Em 2016 e 2017 a carga fiscal baixou...

...mas houve o aumento de alguns impostos indiretos.

O conjunto de impostos que os portugueses pagam é hoje inferior ao que pagavam anteriormente. Isso significa que todos estamos a pagar menos. Em segundo lugar, houve também uma redistribuição dessa carga fiscal, que hoje incide menos sobre os rendimentos do trabalho; não teve o mesmo desagravamento nos rendimentos sobre o capital e teve uma redistribuição em matéria de impostos sobre o consumo.

É um aumento em muitos casos.

Houve um aumento, se quiser, claro que houve um aumento de alguns impostos indiretos.

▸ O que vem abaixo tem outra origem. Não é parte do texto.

lemma rescale_Suc:
  "k < m \<Longrightarrow> rescale c (Suc k) y = rescale c k y + (c k - 1) *\<^sub>R blk (B k) (rescale c k y)"
  using blk_rescale[of k k c y] by (simp add: rescale_def)

lemma bounded_linear_rescale: "bounded_linear (rescale c k)"
  unfolding rescale_def[abs_def]
  by (intro bounded_linear_add bounded_linear_ident bounded_linear_sum
      bounded_linear_compose[OF bounded_linear_scaleR_right bounded_linear_blk])

lemma inner_rescale_commute:
  assumes "k \<le> m"
  shows "rescale c k a \<bullet> h = a \<bullet> rescale c k h"
  unfolding rescale_def inner_add_left inner_add_right inner_sum_left inner_sum_right
  using assms by (intro arg_cong2[where f="(+)"] sum.cong) (auto simp: inner_blk_commute blocks_Basis)

lemma rescale_nondegenerate:
  assumes "\<And>j. j < m \<Longrightarrow> c j > 0" "k \<le> m" "y \<in> nondegenerate"
  shows "rescale c k y \<in> nondegenerate"
  unfolding nondegenerate_def
proof (intro CollectI allI impI)
  fix j
  assume "j < m"
  with assms show "blk (B j) (rescale c k y) \<noteq> 0"
    by (simp add: blk_rescale nondegenerate_def less_imp_neq[symmetric])
qed

lemma rescale_invariant:
  assumes invariant: "\<And>j x s. j < m \<Longrightarrow> x \<in> nondegenerate \<Longrightarrow> s > 0 \<Longrightarrow>
      f (x + (s - 1) *\<^sub>R blk (B j) x) = f x"
    and c: "\<And>j. j < m \<Longrightarrow> c j > 0" and y: "y \<in> nondegenerate"
  shows "k \<le> m \<Longrightarrow> f (rescale c k y) = f y"
proof (induction k)
  case 0
  then show ?case
    by (simp add: rescale_def)
next
  case (Suc k)
  then have "f (rescale c (Suc k) y) = f (rescale c k y)"
    using invariant c rescale_nondegenerate[OF c _ y] by (simp add: rescale_Suc)
  with Suc show ?case
    by simp
qed

lemma blk_gradient_rescale:
  fixes f :: "'a \<Rightarrow> real"
  assumes invariant: "\<And>j x s. j < m \<Longrightarrow> x \<in> nondegenerate \<Longrightarrow> s > 0 \<Longrightarrow>
      f (x + (s - 1) *\<^sub>R blk (B j) x) = f x"
    and grad: "\<And>x. x \<in> nondegenerate \<Longrightarrow> (f has_derivative (\<lambda>h. gr x \<bullet> h)) (at x)"
    and c: "\<And>j. j < m \<Longrightarrow> c j > 0" and y: "y \<in> nondegenerate" and i: "i < m"
  shows "blk (B i) (gr y) = c i *\<^sub>R blk (B i) (gr (rescale c m y))"
proof -
  have "gr (rescale c m y) \<bullet> rescale c m h = gr y \<bullet> h" for h
  proof (rule gradient_eq_if_invariant_under_linear[OF bounded_linear_rescale open_nondegenerate y])
    show "f (rescale c m z) = f z" if "z \<in> nondegenerate" for z
      using rescale_invariant[where f = f and c = c, OF invariant c that order.refl] .
    show "(f has_derivative (\<lambda>h. gr (rescale c m y) \<bullet> h)) (at (rescale c m y))"
      by (rule grad[OF rescale_nondegenerate[OF c order.refl y]])
  qed (rule grad[OF y])
  then have "rescale c m (gr (rescale c m y)) \<bullet> h = gr y \<bullet> h" for h
    by (simp add: inner_rescale_commute)
  then have "rescale c m (gr (rescale c m y)) = gr y"
    by (metis vector_eq_rdot)
  moreover have "blk (B i) (rescale c m a) = c i *\<^sub>R blk (B i) a" for a
    using blk_rescale[OF i order.refl] i by simp
  ultimately show ?thesis
    by metis
qed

Tivemos o cuidado de que o imposto indireto que todos pagam, o IVA - e que tinha sido brutalmente agravado pelo anterior governo, não através das taxas, mas através das transferências de um conjunto de bens e serviços de uma taxa intermédia para a taxa máxima -, fosse reduzido relativamente à restauração.

Está satisfeito com os resultados?

Os resultados provam o sucesso desta medida, não só salvámos milhares de empresas, como a restauração criou milhares de postos de trabalho ao longo do último ano. O estudo que foi feito demonstra isso.

Não terá sido mais pelo aumento de turistas do que pela redução da taxa?

Não. A melhor demonstração de que não é assim é que essa melhoria tem acontecido não só nas zonas onde o turismo tem crescido, mas também nas zonas onde o turismo não tem crescido. Os impostos indiretos são os impostos que cada um paga - enquanto os impostos sobre os rendimentos do trabalho tributam todos aqueles que trabalham - em função do que consome, e temo-lo feito sobretudo nos impostos especiais que são aqueles que permitem uma melhor gestão pelo próprio da decisão de comprar ou não comprar; é o caso do tabaco, é o caso dos impostos sobre os produtos que têm um maior grau de gordura, de salinidade, de açúcar e, portanto é também uma forma de induzir também por essa via a promoção da qualidade alimentar e de um país mais saudável.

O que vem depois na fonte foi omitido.